Christian Dubé dit vouloir freiner l’exode des médecins vers le privé. Il a évoqué également l’imposition de tarifs maximums pour les cliniques privées. « Il n’est pas trop tard pour inverser la tendance », a ajouté le ministre. En 2023-2024, 888 médecins se sont désaffiliés de la RAMQ. Le ministre a rappelé qu’il s’agit d’environ 3 % des médecins et qu’ils le font parfois « de façon sporadiques ».

Avant qu’on soit à 4, 5 ou 6 %, c’est [maintenant] qu’on doit dire que c’est assez. À 3 %, on devrait être capable de corriger la situation assez rapidement.

 Christian Dubé, ministre de la Santé

Sur l’apport des cliniques médicales spécialisées (CMS) qui contribue au rattrapage en chirurgie depuis la pandémie, le ministre a fait preuve de prudence. « Il y a un minimum de privé qu’on doit conserver », a-t-il dit. Christian Dubé a ajouté qu’il ne regrette pas d’avoir augmenté leur contribution pendant la crise sanitaire, rappelant que les Québécois utilisent la carte-soleil pour ces chirurgies.

« On va regarder dans les prochains mois [comment] cette combinaison [public-privé] puisse » continuer de servir les patients, a-t-il expliqué.

En septembre, le ministre Dubé a d’ailleurs présenté un projet de règlement pour ajouter une vingtaine de services spécialisés qui pourraient s’additionner à ceux qui sont déjà offerts en vertu du Règlement sur les traitements médicaux spécialisés dispensés dans un centre médical spécialisé.

Ce qu’ils ont dit

PHOTO EDOUARD PLANTE-FRÉCHETTE, ARCHIVES LA PRESSE

André Fortin, député libéral de Pontiac.

On va participer à l’exercice, on va voir ce qui est proposé, mais il faut faire les choses correctement.

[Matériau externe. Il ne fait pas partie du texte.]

lemma sum_optimal_wealth:
  "(\<Sum>i\<in>I. optimal_wealth p0 p1 g P i)
     = (\<Sum>i\<in>I. p0 i ^ 2 / (2 * p1 i)) - P * (\<Sum>i\<in>I. Ebau p0 p1 i) + P ^ 2 * (\<Sum>i\<in>I. rho p1 g i) / 2"
  unfolding optimal_wealth_def
  by (simp add: sum_subtractf sum.distrib sum_distrib_left sum_divide_distrib)

lemma tax_rate_nonneg:
  assumes "finite I" "I \<noteq> {}" "\<forall>i\<in>I. 0 < p0 i \<and> 0 < p1 i \<and> 0 < g i"
    and "(\<Sum>i\<in>I. tax_emission p0 p1 g tau i) \<le> (\<Sum>i\<in>I. Ebau p0 p1 i)"
  shows "0 \<le> tau"
proof (rule ccontr)
  assume "\<not> 0 \<le> tau"
  then have "Ebau p0 p1 i < tax_emission p0 p1 g tau i" if "i \<in> I" for i
    using assms(3) that tax_emission_negative_rate[of p0 i p1 g tau]
    by (auto simp: Ebau_def divide_strict_right_mono)
  with assms(1,2) have "(\<Sum>i\<in>I. Ebau p0 p1 i) < (\<Sum>i\<in>I. tax_emission p0 p1 g tau i)"
    by (rule sum_strict_mono)
  with assms(4) show False by linarith
qed

lemma weighted_Cauchy_Schwarz:
  fixes x w :: "'a \<Rightarrow> real"
  assumes "\<forall>i\<in>I. 0 < w i"
  shows "(\<Sum>i\<in>I. x i) ^ 2 \<le> (\<Sum>i\<in>I. w i) * (\<Sum>i\<in>I. x i ^ 2 / w i)"
proof -
  have "(\<Sum>i\<in>I. x i) = (\<Sum>i\<in>I. x i / sqrt (w i) * sqrt (w i))"
    and "(\<Sum>i\<in>I. (x i / sqrt (w i)) ^ 2) = (\<Sum>i\<in>I. x i ^ 2 / w i)"
    and "(\<Sum>i\<in>I. sqrt (w i) ^ 2) = (\<Sum>i\<in>I. w i)"
    using assms by (auto simp: power_divide intro!: sum.cong)
  then show ?thesis
    using Cauchy_Schwarz_ineq_sum[of "\<lambda>i. x i / sqrt (w i)" "\<lambda>i. sqrt (w i)" I]
    by (simp add: mult.commute)
qed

Et ça, c’est une habitude du ministre Dubé, il présente des grands principes […] mais dans l’application, il ne fait pas le travail nécessaire pour que ça aboutisse à bon port.

 André Fortin, député du Parti libéral du Québec

PHOTO EDOUARD PLANTE-FRÉCHETTE, ARCHIVES LA PRESSE

Vincent Marissal, député solidaire de Rosemont.

La CAQ, depuis six ans, nourrit ce monstre-là avec des hormones de croissance. Il faudrait arrêter ça au moins maintenant, puis on discutera. Mais je le redis, il y a eu un changement de cap majeur ce matin, j’en suis évidemment heureux. Je suis rempli d’espoir, mais je ne suis pas tout à fait naïf, j’ai vu neiger, on va attendre de voir la suite.

 Vincent Marissal, député de Québec solidaire

PHOTO EDOUARD PLANTE-FRÉCHETTE, ARCHIVES LA PRESSE

Paul St-Pierre Plamondon, chef du Parti québécois et Joël Arseneau, député des Îles-de-la-Madeleine.

Ça fait deux ans que le gouvernement a été élu et il parle du privé comme étant les béquilles qui vont permettre au système de santé de continuer à avancer alors que c’est plutôt le coup de Jarnac qu’on est en train d’administrer aux services publics. Alors là, il y a un changement complet d’orientation, mais sans nous donner les détails de sa vision.